What to do — Pick out the lines below that include the string "fixes".

Records —
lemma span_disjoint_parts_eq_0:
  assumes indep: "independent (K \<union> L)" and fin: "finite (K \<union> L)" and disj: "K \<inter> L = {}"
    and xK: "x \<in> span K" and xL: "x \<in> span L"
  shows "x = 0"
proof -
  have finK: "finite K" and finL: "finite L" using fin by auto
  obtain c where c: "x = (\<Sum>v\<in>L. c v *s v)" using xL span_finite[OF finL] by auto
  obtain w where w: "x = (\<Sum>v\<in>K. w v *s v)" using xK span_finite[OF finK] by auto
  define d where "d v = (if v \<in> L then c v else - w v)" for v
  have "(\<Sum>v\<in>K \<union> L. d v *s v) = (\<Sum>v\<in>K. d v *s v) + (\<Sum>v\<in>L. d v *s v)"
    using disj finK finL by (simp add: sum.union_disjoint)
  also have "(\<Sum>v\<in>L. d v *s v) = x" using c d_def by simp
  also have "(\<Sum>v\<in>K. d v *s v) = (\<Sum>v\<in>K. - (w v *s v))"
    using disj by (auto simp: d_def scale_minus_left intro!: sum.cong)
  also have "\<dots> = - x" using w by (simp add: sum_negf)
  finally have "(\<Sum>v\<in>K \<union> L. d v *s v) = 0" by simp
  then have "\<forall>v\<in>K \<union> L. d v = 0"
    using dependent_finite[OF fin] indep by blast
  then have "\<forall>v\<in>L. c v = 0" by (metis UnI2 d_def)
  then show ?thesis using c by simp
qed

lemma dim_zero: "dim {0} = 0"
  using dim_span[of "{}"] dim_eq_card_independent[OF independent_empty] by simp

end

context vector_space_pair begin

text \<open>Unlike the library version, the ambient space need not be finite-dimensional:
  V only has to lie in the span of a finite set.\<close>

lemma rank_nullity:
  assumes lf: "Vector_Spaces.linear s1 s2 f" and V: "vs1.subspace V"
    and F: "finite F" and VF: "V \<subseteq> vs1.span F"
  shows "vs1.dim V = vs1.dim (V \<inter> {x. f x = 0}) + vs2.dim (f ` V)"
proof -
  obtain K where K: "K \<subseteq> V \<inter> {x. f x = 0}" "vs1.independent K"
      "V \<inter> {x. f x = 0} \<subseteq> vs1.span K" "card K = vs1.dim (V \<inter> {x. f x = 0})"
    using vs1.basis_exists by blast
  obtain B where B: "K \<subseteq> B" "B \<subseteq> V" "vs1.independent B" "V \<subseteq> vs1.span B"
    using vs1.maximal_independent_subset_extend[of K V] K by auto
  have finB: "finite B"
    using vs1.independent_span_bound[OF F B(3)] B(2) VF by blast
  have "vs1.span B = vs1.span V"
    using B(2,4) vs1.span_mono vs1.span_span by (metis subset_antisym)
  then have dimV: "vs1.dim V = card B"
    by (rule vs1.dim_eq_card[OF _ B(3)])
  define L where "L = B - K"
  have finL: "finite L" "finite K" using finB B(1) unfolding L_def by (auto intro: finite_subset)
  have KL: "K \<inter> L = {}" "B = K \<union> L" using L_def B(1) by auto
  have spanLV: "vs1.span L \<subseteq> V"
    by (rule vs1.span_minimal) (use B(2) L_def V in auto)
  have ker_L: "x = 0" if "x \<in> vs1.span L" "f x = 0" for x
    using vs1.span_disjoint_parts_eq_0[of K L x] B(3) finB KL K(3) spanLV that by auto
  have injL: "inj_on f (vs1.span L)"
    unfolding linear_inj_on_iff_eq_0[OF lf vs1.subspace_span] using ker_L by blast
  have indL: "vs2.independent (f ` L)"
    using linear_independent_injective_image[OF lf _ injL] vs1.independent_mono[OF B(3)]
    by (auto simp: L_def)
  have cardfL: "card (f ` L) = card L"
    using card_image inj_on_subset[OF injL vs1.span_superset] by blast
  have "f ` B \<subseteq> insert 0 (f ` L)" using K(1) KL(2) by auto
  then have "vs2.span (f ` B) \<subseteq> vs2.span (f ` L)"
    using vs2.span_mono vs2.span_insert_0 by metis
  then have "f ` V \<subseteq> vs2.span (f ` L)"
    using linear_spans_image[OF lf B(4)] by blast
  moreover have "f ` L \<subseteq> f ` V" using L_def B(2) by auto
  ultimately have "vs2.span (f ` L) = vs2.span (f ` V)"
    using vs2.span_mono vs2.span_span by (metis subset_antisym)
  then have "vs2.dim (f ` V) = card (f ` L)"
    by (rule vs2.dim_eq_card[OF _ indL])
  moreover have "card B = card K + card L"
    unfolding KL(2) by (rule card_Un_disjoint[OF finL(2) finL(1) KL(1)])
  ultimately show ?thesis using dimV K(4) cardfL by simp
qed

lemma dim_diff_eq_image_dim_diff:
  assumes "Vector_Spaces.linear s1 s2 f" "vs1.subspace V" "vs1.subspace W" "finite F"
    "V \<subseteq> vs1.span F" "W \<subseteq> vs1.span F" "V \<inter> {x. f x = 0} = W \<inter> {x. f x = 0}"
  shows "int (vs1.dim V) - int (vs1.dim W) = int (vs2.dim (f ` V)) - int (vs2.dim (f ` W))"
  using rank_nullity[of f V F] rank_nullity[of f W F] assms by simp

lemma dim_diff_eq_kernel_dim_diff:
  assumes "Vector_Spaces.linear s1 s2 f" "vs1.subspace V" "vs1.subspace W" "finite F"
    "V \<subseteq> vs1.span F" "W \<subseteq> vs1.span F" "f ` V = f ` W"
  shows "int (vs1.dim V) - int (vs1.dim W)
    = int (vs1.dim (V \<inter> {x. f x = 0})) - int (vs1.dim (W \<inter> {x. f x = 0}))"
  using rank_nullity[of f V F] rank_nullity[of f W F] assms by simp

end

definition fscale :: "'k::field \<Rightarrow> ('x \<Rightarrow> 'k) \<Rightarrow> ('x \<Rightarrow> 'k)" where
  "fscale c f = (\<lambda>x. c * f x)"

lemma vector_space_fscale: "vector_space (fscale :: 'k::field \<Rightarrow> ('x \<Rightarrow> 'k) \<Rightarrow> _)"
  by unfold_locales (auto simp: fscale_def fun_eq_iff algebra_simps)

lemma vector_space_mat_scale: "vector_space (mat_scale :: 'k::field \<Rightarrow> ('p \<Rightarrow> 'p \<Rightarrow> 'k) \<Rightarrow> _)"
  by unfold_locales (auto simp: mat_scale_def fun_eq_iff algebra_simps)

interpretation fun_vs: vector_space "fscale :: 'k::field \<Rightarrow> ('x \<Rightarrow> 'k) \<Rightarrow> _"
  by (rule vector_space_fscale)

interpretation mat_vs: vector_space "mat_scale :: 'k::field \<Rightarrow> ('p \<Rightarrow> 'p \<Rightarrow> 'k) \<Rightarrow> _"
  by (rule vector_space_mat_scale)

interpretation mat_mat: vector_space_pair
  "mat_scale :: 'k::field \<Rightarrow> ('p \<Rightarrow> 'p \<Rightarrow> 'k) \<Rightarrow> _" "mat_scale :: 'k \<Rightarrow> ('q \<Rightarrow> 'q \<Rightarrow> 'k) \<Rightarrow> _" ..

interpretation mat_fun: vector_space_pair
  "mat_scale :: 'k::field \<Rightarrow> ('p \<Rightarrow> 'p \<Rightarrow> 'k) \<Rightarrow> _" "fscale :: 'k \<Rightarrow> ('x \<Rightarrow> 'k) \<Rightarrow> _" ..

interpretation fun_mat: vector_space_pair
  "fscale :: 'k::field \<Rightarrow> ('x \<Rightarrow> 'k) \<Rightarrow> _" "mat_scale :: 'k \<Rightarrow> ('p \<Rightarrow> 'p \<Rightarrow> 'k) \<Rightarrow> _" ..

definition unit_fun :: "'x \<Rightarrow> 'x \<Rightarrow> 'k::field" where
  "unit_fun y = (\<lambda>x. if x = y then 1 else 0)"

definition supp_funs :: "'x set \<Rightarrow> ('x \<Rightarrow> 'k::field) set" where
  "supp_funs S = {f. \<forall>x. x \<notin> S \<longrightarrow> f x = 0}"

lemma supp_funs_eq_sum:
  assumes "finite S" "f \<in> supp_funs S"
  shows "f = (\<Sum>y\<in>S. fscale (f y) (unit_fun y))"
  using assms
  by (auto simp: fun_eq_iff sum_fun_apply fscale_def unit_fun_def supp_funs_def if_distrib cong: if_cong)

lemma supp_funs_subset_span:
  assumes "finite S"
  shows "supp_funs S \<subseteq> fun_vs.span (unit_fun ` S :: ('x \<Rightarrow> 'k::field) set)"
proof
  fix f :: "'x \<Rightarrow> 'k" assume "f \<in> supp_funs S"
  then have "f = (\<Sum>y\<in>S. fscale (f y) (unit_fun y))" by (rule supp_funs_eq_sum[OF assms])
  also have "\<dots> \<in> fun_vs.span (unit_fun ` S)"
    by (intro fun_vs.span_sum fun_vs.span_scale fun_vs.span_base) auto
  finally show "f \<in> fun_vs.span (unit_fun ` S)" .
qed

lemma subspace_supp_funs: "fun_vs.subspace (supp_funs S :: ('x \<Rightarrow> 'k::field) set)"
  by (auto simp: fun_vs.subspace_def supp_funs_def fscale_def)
--
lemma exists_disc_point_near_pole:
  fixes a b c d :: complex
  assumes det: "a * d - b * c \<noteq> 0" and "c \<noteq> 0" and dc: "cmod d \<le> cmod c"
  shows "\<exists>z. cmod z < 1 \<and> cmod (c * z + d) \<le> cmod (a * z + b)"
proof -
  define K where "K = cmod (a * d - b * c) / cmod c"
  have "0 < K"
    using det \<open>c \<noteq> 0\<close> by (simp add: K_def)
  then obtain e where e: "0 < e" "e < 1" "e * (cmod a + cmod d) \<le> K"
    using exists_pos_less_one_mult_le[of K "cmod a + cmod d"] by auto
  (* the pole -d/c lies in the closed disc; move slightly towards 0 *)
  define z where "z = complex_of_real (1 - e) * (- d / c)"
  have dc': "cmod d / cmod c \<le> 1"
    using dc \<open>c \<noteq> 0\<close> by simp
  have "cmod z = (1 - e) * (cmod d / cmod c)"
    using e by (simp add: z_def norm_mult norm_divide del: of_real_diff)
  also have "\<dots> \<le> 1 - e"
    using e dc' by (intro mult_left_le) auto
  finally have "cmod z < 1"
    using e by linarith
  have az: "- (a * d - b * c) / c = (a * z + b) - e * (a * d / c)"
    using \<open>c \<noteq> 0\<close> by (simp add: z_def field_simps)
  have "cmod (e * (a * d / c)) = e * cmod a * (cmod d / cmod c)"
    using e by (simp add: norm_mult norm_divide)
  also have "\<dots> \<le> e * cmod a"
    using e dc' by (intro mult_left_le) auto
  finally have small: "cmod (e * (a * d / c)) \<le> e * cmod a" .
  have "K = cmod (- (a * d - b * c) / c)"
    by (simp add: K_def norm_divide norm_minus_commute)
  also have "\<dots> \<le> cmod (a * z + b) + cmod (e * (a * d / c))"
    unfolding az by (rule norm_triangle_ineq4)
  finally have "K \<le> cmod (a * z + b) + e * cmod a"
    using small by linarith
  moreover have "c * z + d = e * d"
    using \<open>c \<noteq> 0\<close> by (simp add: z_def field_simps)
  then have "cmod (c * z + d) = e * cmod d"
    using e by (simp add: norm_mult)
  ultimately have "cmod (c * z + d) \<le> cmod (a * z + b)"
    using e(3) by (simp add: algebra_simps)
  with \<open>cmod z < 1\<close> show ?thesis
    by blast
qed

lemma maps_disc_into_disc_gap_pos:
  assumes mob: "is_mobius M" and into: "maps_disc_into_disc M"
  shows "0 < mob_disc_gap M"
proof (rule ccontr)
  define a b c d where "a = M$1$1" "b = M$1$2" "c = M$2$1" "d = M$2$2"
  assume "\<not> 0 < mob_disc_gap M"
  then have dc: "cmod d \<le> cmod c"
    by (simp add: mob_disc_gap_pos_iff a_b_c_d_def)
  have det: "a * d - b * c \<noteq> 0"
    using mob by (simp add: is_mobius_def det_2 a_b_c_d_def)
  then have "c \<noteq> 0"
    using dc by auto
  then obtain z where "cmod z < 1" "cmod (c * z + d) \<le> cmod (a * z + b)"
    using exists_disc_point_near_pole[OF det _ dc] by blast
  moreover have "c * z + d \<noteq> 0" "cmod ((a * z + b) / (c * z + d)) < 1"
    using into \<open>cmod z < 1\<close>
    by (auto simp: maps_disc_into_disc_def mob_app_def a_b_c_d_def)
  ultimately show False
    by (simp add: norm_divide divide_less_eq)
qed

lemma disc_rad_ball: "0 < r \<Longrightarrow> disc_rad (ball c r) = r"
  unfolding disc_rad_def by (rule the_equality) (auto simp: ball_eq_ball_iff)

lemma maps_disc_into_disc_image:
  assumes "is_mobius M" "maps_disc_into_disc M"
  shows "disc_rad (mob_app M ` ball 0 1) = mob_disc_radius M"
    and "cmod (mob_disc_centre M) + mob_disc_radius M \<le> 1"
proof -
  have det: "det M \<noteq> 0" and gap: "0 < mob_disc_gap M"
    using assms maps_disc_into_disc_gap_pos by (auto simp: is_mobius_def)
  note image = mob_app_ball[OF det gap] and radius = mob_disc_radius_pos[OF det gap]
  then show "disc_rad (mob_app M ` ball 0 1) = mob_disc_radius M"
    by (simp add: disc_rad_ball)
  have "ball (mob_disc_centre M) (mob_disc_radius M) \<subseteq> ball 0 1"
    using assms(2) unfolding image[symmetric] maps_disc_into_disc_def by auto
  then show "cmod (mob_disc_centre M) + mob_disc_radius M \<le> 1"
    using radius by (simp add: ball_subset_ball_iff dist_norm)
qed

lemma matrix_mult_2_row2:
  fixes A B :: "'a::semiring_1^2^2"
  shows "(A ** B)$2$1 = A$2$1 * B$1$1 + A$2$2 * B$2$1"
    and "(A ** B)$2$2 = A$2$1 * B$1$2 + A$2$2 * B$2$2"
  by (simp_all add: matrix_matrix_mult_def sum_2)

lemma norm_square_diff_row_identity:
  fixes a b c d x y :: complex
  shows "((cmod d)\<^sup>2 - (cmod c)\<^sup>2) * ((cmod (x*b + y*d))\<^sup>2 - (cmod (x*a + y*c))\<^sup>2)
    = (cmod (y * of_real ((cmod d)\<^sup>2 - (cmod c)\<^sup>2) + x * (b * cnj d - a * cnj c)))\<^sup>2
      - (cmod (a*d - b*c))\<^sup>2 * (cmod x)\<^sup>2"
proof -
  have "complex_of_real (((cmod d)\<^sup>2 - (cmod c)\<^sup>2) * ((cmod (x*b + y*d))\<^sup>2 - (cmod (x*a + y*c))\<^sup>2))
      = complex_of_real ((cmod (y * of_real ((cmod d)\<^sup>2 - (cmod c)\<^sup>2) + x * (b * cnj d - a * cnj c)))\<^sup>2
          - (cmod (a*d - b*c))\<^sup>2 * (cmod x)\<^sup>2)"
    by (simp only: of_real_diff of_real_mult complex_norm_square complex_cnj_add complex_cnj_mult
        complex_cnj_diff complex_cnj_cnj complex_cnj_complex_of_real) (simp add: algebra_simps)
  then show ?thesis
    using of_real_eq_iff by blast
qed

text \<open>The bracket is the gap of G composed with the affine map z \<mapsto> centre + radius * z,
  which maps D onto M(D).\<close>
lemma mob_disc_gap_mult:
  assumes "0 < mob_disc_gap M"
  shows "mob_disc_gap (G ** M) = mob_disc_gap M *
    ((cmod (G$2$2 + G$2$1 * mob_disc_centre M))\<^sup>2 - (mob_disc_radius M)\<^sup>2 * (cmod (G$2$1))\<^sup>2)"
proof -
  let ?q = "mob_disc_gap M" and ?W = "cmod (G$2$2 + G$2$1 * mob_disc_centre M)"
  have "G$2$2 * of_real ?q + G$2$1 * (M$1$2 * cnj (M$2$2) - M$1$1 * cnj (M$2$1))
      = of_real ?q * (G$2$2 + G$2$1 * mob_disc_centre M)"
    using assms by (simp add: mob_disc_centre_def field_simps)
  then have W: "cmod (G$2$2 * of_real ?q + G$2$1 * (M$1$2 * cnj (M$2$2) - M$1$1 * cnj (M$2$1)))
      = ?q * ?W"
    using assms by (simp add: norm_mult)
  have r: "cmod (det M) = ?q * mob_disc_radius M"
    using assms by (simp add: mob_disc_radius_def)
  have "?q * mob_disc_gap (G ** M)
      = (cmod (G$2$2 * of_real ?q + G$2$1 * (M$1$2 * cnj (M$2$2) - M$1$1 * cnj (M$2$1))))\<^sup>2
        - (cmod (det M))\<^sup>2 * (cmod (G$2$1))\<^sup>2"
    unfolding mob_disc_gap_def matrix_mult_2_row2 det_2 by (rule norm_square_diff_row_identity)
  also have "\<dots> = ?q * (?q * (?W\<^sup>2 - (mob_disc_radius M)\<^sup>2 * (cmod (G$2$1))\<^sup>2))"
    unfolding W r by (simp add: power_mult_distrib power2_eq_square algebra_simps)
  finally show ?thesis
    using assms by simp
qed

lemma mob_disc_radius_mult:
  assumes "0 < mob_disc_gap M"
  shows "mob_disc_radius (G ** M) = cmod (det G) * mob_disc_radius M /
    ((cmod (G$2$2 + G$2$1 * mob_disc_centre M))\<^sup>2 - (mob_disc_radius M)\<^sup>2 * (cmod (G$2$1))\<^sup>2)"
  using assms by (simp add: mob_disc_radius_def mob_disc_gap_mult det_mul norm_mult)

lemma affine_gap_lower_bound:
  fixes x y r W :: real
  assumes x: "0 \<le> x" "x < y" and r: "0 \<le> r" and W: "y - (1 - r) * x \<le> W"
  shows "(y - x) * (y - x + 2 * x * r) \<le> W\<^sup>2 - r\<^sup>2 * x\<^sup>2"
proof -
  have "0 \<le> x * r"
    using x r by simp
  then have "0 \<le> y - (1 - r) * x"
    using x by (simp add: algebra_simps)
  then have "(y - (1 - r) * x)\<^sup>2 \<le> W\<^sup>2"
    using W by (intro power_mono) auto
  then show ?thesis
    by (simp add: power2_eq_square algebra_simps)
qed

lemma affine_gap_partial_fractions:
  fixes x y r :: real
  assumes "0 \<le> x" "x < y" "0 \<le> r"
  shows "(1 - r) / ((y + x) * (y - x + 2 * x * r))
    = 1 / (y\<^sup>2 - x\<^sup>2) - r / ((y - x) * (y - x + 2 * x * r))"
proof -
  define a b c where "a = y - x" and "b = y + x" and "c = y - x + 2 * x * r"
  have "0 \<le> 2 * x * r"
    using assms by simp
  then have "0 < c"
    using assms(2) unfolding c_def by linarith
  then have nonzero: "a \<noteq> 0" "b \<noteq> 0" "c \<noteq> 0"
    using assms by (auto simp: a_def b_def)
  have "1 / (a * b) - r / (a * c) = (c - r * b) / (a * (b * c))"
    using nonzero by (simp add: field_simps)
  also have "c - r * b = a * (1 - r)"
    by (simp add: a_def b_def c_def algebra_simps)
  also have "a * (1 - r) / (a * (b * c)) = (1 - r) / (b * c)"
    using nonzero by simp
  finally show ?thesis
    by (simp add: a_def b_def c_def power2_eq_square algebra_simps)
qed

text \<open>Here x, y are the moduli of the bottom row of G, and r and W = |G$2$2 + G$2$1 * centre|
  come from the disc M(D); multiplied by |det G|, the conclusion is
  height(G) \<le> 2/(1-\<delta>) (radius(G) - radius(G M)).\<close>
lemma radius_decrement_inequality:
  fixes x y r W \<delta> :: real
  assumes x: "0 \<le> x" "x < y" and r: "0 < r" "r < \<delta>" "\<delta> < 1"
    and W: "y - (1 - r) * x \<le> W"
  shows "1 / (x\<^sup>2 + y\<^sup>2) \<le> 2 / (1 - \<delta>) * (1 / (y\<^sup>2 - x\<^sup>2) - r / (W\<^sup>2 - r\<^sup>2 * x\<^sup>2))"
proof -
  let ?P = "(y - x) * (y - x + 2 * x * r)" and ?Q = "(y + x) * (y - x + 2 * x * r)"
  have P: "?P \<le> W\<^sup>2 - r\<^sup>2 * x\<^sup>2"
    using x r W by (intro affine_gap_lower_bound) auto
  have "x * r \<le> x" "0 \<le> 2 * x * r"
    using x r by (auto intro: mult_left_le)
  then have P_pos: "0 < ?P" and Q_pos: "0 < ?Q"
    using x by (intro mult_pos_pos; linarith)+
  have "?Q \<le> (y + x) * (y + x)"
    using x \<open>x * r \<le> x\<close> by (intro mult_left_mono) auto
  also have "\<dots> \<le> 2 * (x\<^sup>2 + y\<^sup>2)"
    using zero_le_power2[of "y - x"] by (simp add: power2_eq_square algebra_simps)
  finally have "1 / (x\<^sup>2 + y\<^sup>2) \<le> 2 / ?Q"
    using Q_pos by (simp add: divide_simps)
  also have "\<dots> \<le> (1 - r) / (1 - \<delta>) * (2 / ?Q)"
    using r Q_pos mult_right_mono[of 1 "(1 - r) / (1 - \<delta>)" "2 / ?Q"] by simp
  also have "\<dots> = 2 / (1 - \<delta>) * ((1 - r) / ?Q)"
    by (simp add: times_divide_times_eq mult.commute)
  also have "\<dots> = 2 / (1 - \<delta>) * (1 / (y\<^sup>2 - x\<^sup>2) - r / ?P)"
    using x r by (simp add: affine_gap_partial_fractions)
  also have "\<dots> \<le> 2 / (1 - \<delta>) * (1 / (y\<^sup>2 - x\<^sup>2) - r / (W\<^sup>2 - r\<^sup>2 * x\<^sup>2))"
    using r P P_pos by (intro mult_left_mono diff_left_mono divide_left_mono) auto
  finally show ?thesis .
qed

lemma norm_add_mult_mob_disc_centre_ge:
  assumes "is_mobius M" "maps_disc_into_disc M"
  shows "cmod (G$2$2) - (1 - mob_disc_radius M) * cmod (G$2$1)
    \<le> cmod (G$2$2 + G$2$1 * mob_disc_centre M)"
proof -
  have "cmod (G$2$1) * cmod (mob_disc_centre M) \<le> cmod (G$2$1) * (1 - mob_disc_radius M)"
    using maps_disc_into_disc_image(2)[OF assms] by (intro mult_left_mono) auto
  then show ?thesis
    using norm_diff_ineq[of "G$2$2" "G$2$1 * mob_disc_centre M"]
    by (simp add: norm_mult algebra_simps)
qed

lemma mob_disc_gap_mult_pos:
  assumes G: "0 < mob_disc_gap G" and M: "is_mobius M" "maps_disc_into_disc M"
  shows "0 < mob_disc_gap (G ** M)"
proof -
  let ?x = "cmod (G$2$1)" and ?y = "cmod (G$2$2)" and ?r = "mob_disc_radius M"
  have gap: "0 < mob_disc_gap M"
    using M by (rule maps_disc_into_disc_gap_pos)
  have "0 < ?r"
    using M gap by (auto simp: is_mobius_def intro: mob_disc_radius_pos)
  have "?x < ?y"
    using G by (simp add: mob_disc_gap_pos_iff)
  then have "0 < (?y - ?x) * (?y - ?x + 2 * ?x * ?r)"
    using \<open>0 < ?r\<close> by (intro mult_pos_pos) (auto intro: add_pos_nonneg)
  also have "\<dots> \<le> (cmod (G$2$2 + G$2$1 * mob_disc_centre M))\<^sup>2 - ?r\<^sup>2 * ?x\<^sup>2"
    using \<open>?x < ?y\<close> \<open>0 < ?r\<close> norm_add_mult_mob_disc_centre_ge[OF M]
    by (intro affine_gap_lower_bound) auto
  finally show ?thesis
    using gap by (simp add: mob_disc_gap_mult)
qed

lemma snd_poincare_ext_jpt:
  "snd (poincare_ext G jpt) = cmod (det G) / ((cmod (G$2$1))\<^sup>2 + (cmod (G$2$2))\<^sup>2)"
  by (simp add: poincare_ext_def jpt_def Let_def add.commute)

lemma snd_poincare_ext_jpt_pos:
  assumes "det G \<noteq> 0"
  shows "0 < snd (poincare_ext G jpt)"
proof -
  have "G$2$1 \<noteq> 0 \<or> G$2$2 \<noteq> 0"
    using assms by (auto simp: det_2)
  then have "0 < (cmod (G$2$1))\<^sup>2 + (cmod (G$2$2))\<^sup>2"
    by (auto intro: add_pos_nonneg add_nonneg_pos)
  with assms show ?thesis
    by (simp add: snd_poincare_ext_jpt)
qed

Expected answer —
  fixes a b c d :: complex
  fixes A B :: "'a::semiring_1^2^2"
  fixes a b c d x y :: complex
  fixes x y r W :: real
  fixes x y r :: real
  fixes x y r W \<delta> :: real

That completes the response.